Marie loved music, and, unlikely as it may seem, her earliest dream had been to be a ballerina, but of course there was no money for any such indulgence. She was not a great reader, nor a theatre-goer, nor was she a traveller, housebound on account of her mother, to some extent, but in truth not especially interested in other cultures, other climates. She left England once only, to go to Zurich for a board meeting, and came back the same night. She was technically a Roman Catholic, but never a very enthusiastic churchgoer, though she loved a drink and a laugh with the priests. For her, God was to be found in flowers and above all in animals. She worshipped, the word is not too strong her pets, a long succession of pampered pussies, most of whom grew dangerously portly under her loving regime. For her, they were, in Auden’s words, the entirely beautiful. In general, she thought the human race a bad lot, but curiously enough, she had a very special gift for friendship, and her friends loved her with a particular intensity, which amounted to devotion. She was extraordinarily lucky in her neighbours, over the years, on both sides of her house in Pinfold Road.
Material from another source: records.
(* Let $\Omega\subset\mathbb{R}^2$ be a domain (connected open set) and let $u\in C^{2}(\Omega)$. Let $S(u)=\{(x,y)\in\Omega: u_x-y=0,\ u_y+x=0\}$, and on $\Omega\setminus S(u)$ let $D=\sqrt{(u_x-y)^2+(u_y+x)^2}$, $N(u)=(u_x-y,\,u_y+x)/D$ and $H=\operatorname{div}N(u)$ (the Euclidean divergence in the $xy$-plane). Let $p_0\in S(u)$ and suppose there are a constant $C>0$ and a neighborhood of $p_0$ on which $|H(p)|\le C/r(p)$ for all $p\notin S(u)$, where $r(p)=|p-p_0|$. Then either $p_0$ is an isolated point of $S(u)$, or there exists a small neighborhood of $p_0$ whose intersection with $S(u)$ is exactly a $C^{1}$ smooth curve passing through $p_0$. *)

theory Defs
  imports "HOL-Analysis.Analysis"
begin

definition px :: "(real \<times> real \<Rightarrow> real) \<Rightarrow> real \<times> real \<Rightarrow> real" where
  "px f p = deriv (\<lambda>t. f (t, snd p)) (fst p)"

definition py :: "(real \<times> real \<Rightarrow> real) \<Rightarrow> real \<times> real \<Rightarrow> real" where
  "py f p = deriv (\<lambda>t. f (fst p, t)) (snd p)"

definition C1_on :: "(real \<times> real) set \<Rightarrow> (real \<times> real \<Rightarrow> real) \<Rightarrow> bool" where
  "C1_on \<Omega> f \<longleftrightarrow>
     (\<forall>p\<in>\<Omega>. (\<lambda>t. f (t, snd p)) field_differentiable (at (fst p))
            \<and> (\<lambda>t. f (fst p, t)) field_differentiable (at (snd p)))
     \<and> continuous_on \<Omega> f \<and> continuous_on \<Omega> (px f) \<and> continuous_on \<Omega> (py f)"

definition C2_on :: "(real \<times> real) set \<Rightarrow> (real \<times> real \<Rightarrow> real) \<Rightarrow> bool" where
  "C2_on \<Omega> f \<longleftrightarrow> C1_on \<Omega> f \<and> C1_on \<Omega> (px f) \<and> C1_on \<Omega> (py f)"

definition Sing :: "(real \<times> real) set \<Rightarrow> (real \<times> real \<Rightarrow> real) \<Rightarrow> (real \<times> real) set" where
  "Sing \<Omega> u = {p \<in> \<Omega>. px u p - snd p = 0 \<and> py u p + fst p = 0}"

definition Dlen :: "(real \<times> real \<Rightarrow> real) \<Rightarrow> real \<times> real \<Rightarrow> real" where
  "Dlen u p = sqrt ((px u p - snd p)\<^sup>2 + (py u p + fst p)\<^sup>2)"

definition N1 :: "(real \<times> real \<Rightarrow> real) \<Rightarrow> real \<times> real \<Rightarrow> real" where
  "N1 u p = (px u p - snd p) / Dlen u p"

definition N2 :: "(real \<times> real \<Rightarrow> real) \<Rightarrow> real \<times> real \<Rightarrow> real" where
  "N2 u p = (py u p + fst p) / Dlen u p"

text \<open>H = div N(u), meaningful on \<Omega> minus the singular set.\<close>
definition Hcurv :: "(real \<times> real \<Rightarrow> real) \<Rightarrow> real \<times> real \<Rightarrow> real" where
  "Hcurv u p = px (N1 u) p + py (N2 u) p"

definition C1_arc_through :: "(real \<times> real) set \<Rightarrow> real \<times> real \<Rightarrow> bool" where
  "C1_arc_through \<Gamma> p0 \<longleftrightarrow>
     (\<exists>\<gamma> \<gamma>' a b. a < 0 \<and> 0 < b \<and>
        (\<forall>t\<in>{a<..<b}. (\<gamma> has_vector_derivative \<gamma>' t) (at t) \<and> \<gamma>' t \<noteq> 0) \<and>
        continuous_on {a<..<b} \<gamma>' \<and> inj_on \<gamma> {a<..<b} \<and>
        \<gamma> 0 = p0 \<and> \<Gamma> = \<gamma> ` {a<..<b})"

end

theory Submission
  imports Defs
begin

text \<open>
  Write F = (a, b) = (u_x - y, u_y + x). Then Sing \<Omega> u is the zero set of F, and H is the
  divergence of F / |F|. By symmetry of the second derivatives, b_x - a_y = 2 at p0, so the
  Jacobian M of F at p0 is not zero.

  If M is invertible, p0 is an isolated zero of F. Otherwise M has rank one; as M is not
  antisymmetric there is a direction l with l \<bullet> M l \<noteq> 0. Then \<phi> = l \<bullet> F has nonzero gradient
  at p0, and by the implicit function theorem its zero set is a C^1 arc through p0. Where F does not
  vanish on this arc, F is orthogonal to l, and H |F| |l|^2 equals the quadratic form of DF(q) at l,
  which tends to l \<bullet> M l \<noteq> 0. Since M has rank one and l is not orthogonal to its image, F = o(r)
  along the arc, so |H| r would be unbounded, contradicting |H| \<le> C / r. Hence F vanishes on the
  arc near p0, which is therefore the singular set near p0.
\<close>

section \<open>Partial derivatives in the plane\<close>

lemma dist_Pair_le_sum_abs: "dist (s, t) (x, y) \<le> \<bar>s - x\<bar> + \<bar>t - y\<bar>" for s t x y :: real
  using sqrt_sum_squares_le_sum_abs[of "s - x" "t - y"] by (simp add: dist_Pair_Pair dist_real_def)

lemma has_derivative_of_partials:
  fixes f fx fy :: "real \<times> real \<Rightarrow> real"
  assumes "open W" "p \<in> W"
    and fx: "DERIV (\<lambda>t. f (t, snd p)) (fst p) :> fx p"
    and fy: "\<And>q. q \<in> W \<Longrightarrow> DERIV (\<lambda>t. f (fst q, t)) (snd q) :> fy q"
    and cont: "isCont fy p"
  shows "(f has_derivative (\<lambda>h. fx p * fst h + fy p * snd h)) (at p)"
proof -
  obtain x y where p: "p = (x, y)" by (cases p)
  obtain r where r: "r > 0" "ball p r \<subseteq> W" using assms(1,2) open_contains_ball by blast
  define X where "X = ball x (r/2)"
  define Y where "Y = ball y (r/2)"
  have XY: "X \<times> Y \<subseteq> W"
  proof
    fix q assume "q \<in> X \<times> Y"
    then have "dist q p < r"
      using p sqrt_sum_squares_le_sum_abs[of "dist (fst q) x" "dist (snd q) y"]
      by (cases q) (auto simp: X_def Y_def dist_Pair_Pair dist_commute)
    then show "q \<in> W" using r(2) by (auto simp: dist_commute)
  qed
  have "((\<lambda>(s, t). f (s, t)) has_derivative (\<lambda>(hs, ht). fx p * hs + blinfun_mult_right (fy (x, y)) ht))
        (at (x, y) within X \<times> Y)"
  proof (rule has_derivative_partialsI)
    show "((\<lambda>s. f (s, y)) has_derivative (*) (fx p)) (at x within X)"
      using fx p by (auto simp: has_field_derivative_def intro: has_derivative_at_withinI)
    show "((\<lambda>t. f (s, t)) has_derivative blinfun_apply (blinfun_mult_right (fy (s, t)))) (at t within Y)"
      if "s \<in> X" "t \<in> Y" for s t
      using fy[of "(s, t)"] XY that
      by (auto simp: has_field_derivative_def mult.commute intro: has_derivative_at_withinI)
    show "continuous (at (x, y) within X \<times> Y) (\<lambda>(s, t). blinfun_mult_right (fy (s, t)))"
      using cont p
      by (auto intro!: continuous_at_imp_continuous_within
          bounded_linear.continuous[OF bounded_linear_blinfun_mult_right] simp: split_beta')
    show "y \<in> Y" "convex Y" using r by (auto simp: Y_def)
  qed
  moreover have "at (x, y) within X \<times> Y = at p"
    using p r by (auto simp: X_def Y_def intro!: at_within_open open_Times)
  ultimately show ?thesis using p by (simp add: split_beta' mult.commute)
qed

lemma has_derivative_eventually_le:
  assumes "(f has_derivative f') (at x)" "e > 0"
  shows "\<forall>\<^sub>F y in nhds x. norm (f y - f x - f' (y - x)) \<le> e * norm (y - x)"
  using assms unfolding has_derivative_at_alt eventually_nhds_metric dist_norm by blast

lemma isolated_zero_of_injective_derivative:
  fixes F :: "'a::real_normed_vector \<Rightarrow> 'b::euclidean_space"
  assumes F: "(F has_derivative F') (at p)" and "inj F'" "F p = 0"
  shows "\<forall>\<^sub>F q in nhds p. F q = 0 \<longrightarrow> q = p"
proof -
  obtain B where "B > 0" and B: "\<And>h. B * norm h \<le> norm (F' h)"
    using linear_inj_bounded_below_pos[OF has_derivative_linear[OF F] \<open>inj F'\<close>] by blast
  have "B / 2 > 0" using \<open>B > 0\<close> by simp
  from has_derivative_eventually_le[OF F this] show ?thesis
  proof (rule eventually_mono, intro impI)
    fix q assume "norm (F q - F p - F' (q - p)) \<le> B / 2 * norm (q - p)" "F q = 0"
    then have "B * norm (q - p) \<le> B / 2 * norm (q - p)" using B[of "q - p"] \<open>F p = 0\<close> by simp
    then show "q = p" using \<open>B > 0\<close> by (simp add: mult_le_cancel_right)
  qed
qed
In particular, in her last years the twin blessings of Nick Bell at No 2, unendingly generous with his time and energy, and at No 6 the family of Christina Matthews brought her meals, gossip, advice and huge affection which continued to her dying moments, Christina talking to her as she lay unconscious, assuring her of all the arrangements that had been made in impeccable order as Marie would so ardently have desired. She could be astringent, demanding, haughty, harsh in judgement, but there was about her a splendour, a magnificence, a bigness of spirit that made all that bearable, almost fitting.
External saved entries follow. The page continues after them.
(* Let $X$ be a binomial random variable with parameters $(n,p)\in\mathbb{N}^*\times(0,1)$. (i) For $a\in(0,1]$, $\mathbb{E}\big[(2X+1)^{-a}\big]\le\big(1\wedge\frac{1}{p(n+1)}\big)^a$. (ii) Let $f\in\mathcal{C}((0,1])$ be locally Lipschitz continuous and $b\in(0,1)$. Then \[ \mathbb{E}\Big[\Big|f\Big(\frac{2X+1}{2n+1}\Big)-f(p)\Big|\Big]\le\frac{\operatorname{ess\,sup}_{x\in(0,1]}|x^bf'(x)|}{1-b}\big(p^{-b/2}+p^{\frac12-b}\big)\,n^{-1/2}. \] *)

theory Defs
  imports "HOL-Probability.Probability"
begin

definition locally_lipschitz_on :: "real set \<Rightarrow> (real \<Rightarrow> real) \<Rightarrow> bool" where
  "locally_lipschitz_on S f \<longleftrightarrow>
     (\<forall>x\<in>S. \<exists>e>0. \<exists>L. L-lipschitz_on (cball x e \<inter> S) f)"

end

theory Submission
  imports Defs
begin

text \<open>
  (i) Since \<open>1 / (2X + 1) \<le> 1 / (X + 1)\<close> and \<open>E[1 / (X + 1)] = (1 - (1 - p)^(n+1)) / (p (n + 1))\<close>,
  the claim follows from Jensen's inequality for the concave map \<open>t \<mapsto> t^a\<close>, applied via its
  tangent line.

  (ii) The bound \<open>|x^b f'(x)| \<le> m\<close> makes \<open>\<plusminus>f\<close> grow no faster than the antiderivative
  \<open>m x^(1-b) / (1 - b)\<close> of \<open>m x^(-b)\<close>, so \<open>|f y - f x| \<le> m |y^(1-b) - x^(1-b)| / (1 - b)\<close>.
  As \<open>f'\<close> exists only almost everywhere, this comparison is proved by a crossing argument:
  a locally Lipschitz map sends the null set of bad points to a null set of values, so a
  generic crossing level is attained only at good points. Concavity of \<open>x^(1-b)\<close> then gives
  \<open>|Y^(1-b) - p^(1-b)| \<le> p^(-b) |Y - p|\<close> for \<open>Y = (2X + 1) / (2n + 1)\<close>, and
  \<open>E|X - np| \<le> sqrt (np)\<close> finishes the estimate once the trivial bound \<open>1\<close> covers the case
  \<open>p^(-b/2) n^(-1/2) \<ge> 1\<close>.
\<close>

section \<open>Monotonicity from almost-everywhere derivatives\<close>

lemma nonincreasing_if_deriv_neg_off_negligible_image:
  fixes h :: "real \<Rightarrow> real"
  assumes "a \<le> b" and cont: "continuous_on {a..b} h"
    and neg: "negligible (h ` ({a<..<b} \<inter> N))"
    and deriv: "\<And>t. t \<in> {a<..<b} - N \<Longrightarrow> \<exists>D<0. (h has_real_derivative D) (at t)"
  shows "h b \<le> h a"
proof (rule ccontr)
  assume "\<not> h b \<le> h a"
  then have hab: "h a < h b" by simp
  have "\<not> {h a<..<h b} \<subseteq> h ` ({a<..<b} \<inter> N)"
    using hab negligible_subset[OF neg] negligible_interval(2)[of "h a" "h b"] by auto
  then obtain v where v: "h a < v" "v < h b" "v \<notin> h ` ({a<..<b} \<inter> N)"
    by (meson greaterThanLessThan_iff subsetI)
  define K where "K = {a..b} \<inter> h -` {..v}"
  have "compact K"
    unfolding K_def compact_eq_bounded_closed
    by (intro conjI bounded_Int[OF disjI1] bounded_closed_interval
        continuous_closed_preimage[OF cont]) auto
  moreover have "a \<in> K" using \<open>a \<le> b\<close> v by (auto simp: K_def)
  ultimately obtain t where t: "t \<in> K" "\<And>s. s \<in> K \<Longrightarrow> s \<le> t"
    using compact_attains_sup[of K] by auto
  \<comment> \<open>Since \<open>v\<close> is not a value taken on \<open>N\<close>,
      \<open>t\<close> lies outside \<open>N\<close>, and the negative derivative there contradicts maximality.\<close>
  have "a \<le> t" "t \<le> b" "h t \<le> v" using t(1) by (auto simp: K_def)
  have "continuous_on {t..b} h"
    using \<open>a \<le> t\<close> by (intro continuous_on_subset[OF cont]) auto
  then obtain s where s: "t \<le> s" "s \<le> b" "h s = v"
    using IVT'[of h t v b] \<open>h t \<le> v\<close> \<open>v < h b\<close> \<open>t \<le> b\<close> by auto
  then have "s \<in> K"
    using \<open>a \<le> t\<close> by (simp add: K_def)
  with t(2) s have "h t = v"
    by (metis order_antisym)
  then have "t \<in> {a<..<b} - N"
    using v \<open>a \<le> t\<close> \<open>t \<le> b\<close> by (auto simp: less_le)
  then obtain D where "D < 0" "(h has_real_derivative D) (at t)"
    using deriv by blast
  then obtain d where d: "d > 0" "\<And>k. 0 < k \<Longrightarrow> k < d \<Longrightarrow> h (t + k) < h t"
    using DERIV_neg_dec_right by blast
  obtain k where "0 < k" "k < d" "k < b - t"
    using field_lbound_gt_zero[of d "b - t"] d(1) \<open>t \<in> {a<..<b} - N\<close> by auto
  then have "t + k \<in> K"
    using d(2)[of k] \<open>h t = v\<close> \<open>a \<le> t\<close> by (simp add: K_def)
  then show False
    using t(2) \<open>0 < k\<close> by fastforce
qed
lemma minimal_separator_neighbourhood_of_bounded_extension:
  assumes "simple_graph V E" and "S \<in> minimal_separators V E"
  shows "\<exists>r\<in>V. S \<in> neighbourhood V E ` bounded_extensions V E {r} {} (card V - 2)"
proof -
  obtain r where r: "r \<in> V - S" and N: "neighbourhood V E (component V E S r) = S"
    and small: "2 * card (component V E S r) + card S \<le> card V"
    using minimal_separator_small_full_component[OF assms] .
  let ?D = "component V E S r"
  have "r \<in> ?D" using r by (simp add: component_def connected_in_minus_def)
  have "finite ?D"
    using assms(1) component_subset[of V E S r] by (auto simp: simple_graph_def intro: finite_subset)
  then have "0 < card ?D"
    using \<open>r \<in> ?D\<close> by (auto simp: card_gt_0_iff)
  with small have "2 * (card ?D - 1) + card S \<le> card V - 2"
    by linarith
  then have "2 * card (?D - {r}) + card (neighbourhood V E ?D - {}) \<le> card V - 2"
    using \<open>r \<in> ?D\<close> N by simp
  then have "?D \<in> bounded_extensions V E {r} {} (card V - 2)"
    using \<open>r \<in> ?D\<close> component_subset[of V E S r] connected_extension_component[OF r]
    by (auto simp: bounded_extensions_def)
  with N r show ?thesis by blast
qed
The end was serene. On the day before she died, she had a return to consciousness and she and Nick chatted and laughed and admired some pussycat photos he’d brought to show her. As she sat at the top of St Thomas' Hospital, looking out over the Thames at the House of Commons bathed in golden light, it started to snow, and this must have been the last sight she ever saw, a gentle engulfing whiteness softly descending from above. The following day, she died in her sleep. I arrived at her bedside two minutes later. The nurses, the wonderful, diligent, respectful nurses, who could not have laboured harder for her than if she’d been a Prime Minister or a Queen, had arranged her on the bed, and I sat with her motionless form, her face now clear and strong again after all the fretful turmoil of the pneumonia which beset her at the end, and her still unlined features seemed to be those of a monarch or a warrior, noble, powerful, beautiful. Of course, in life she would have made a scathing joke or uttered a dismissive curse had I said any such thing, but the woman in whose presence I sat that night was the stuff of which greatness is made. Life, as it so often does, balked her of her fulfilment, but anyone who knew her would understand what I mean.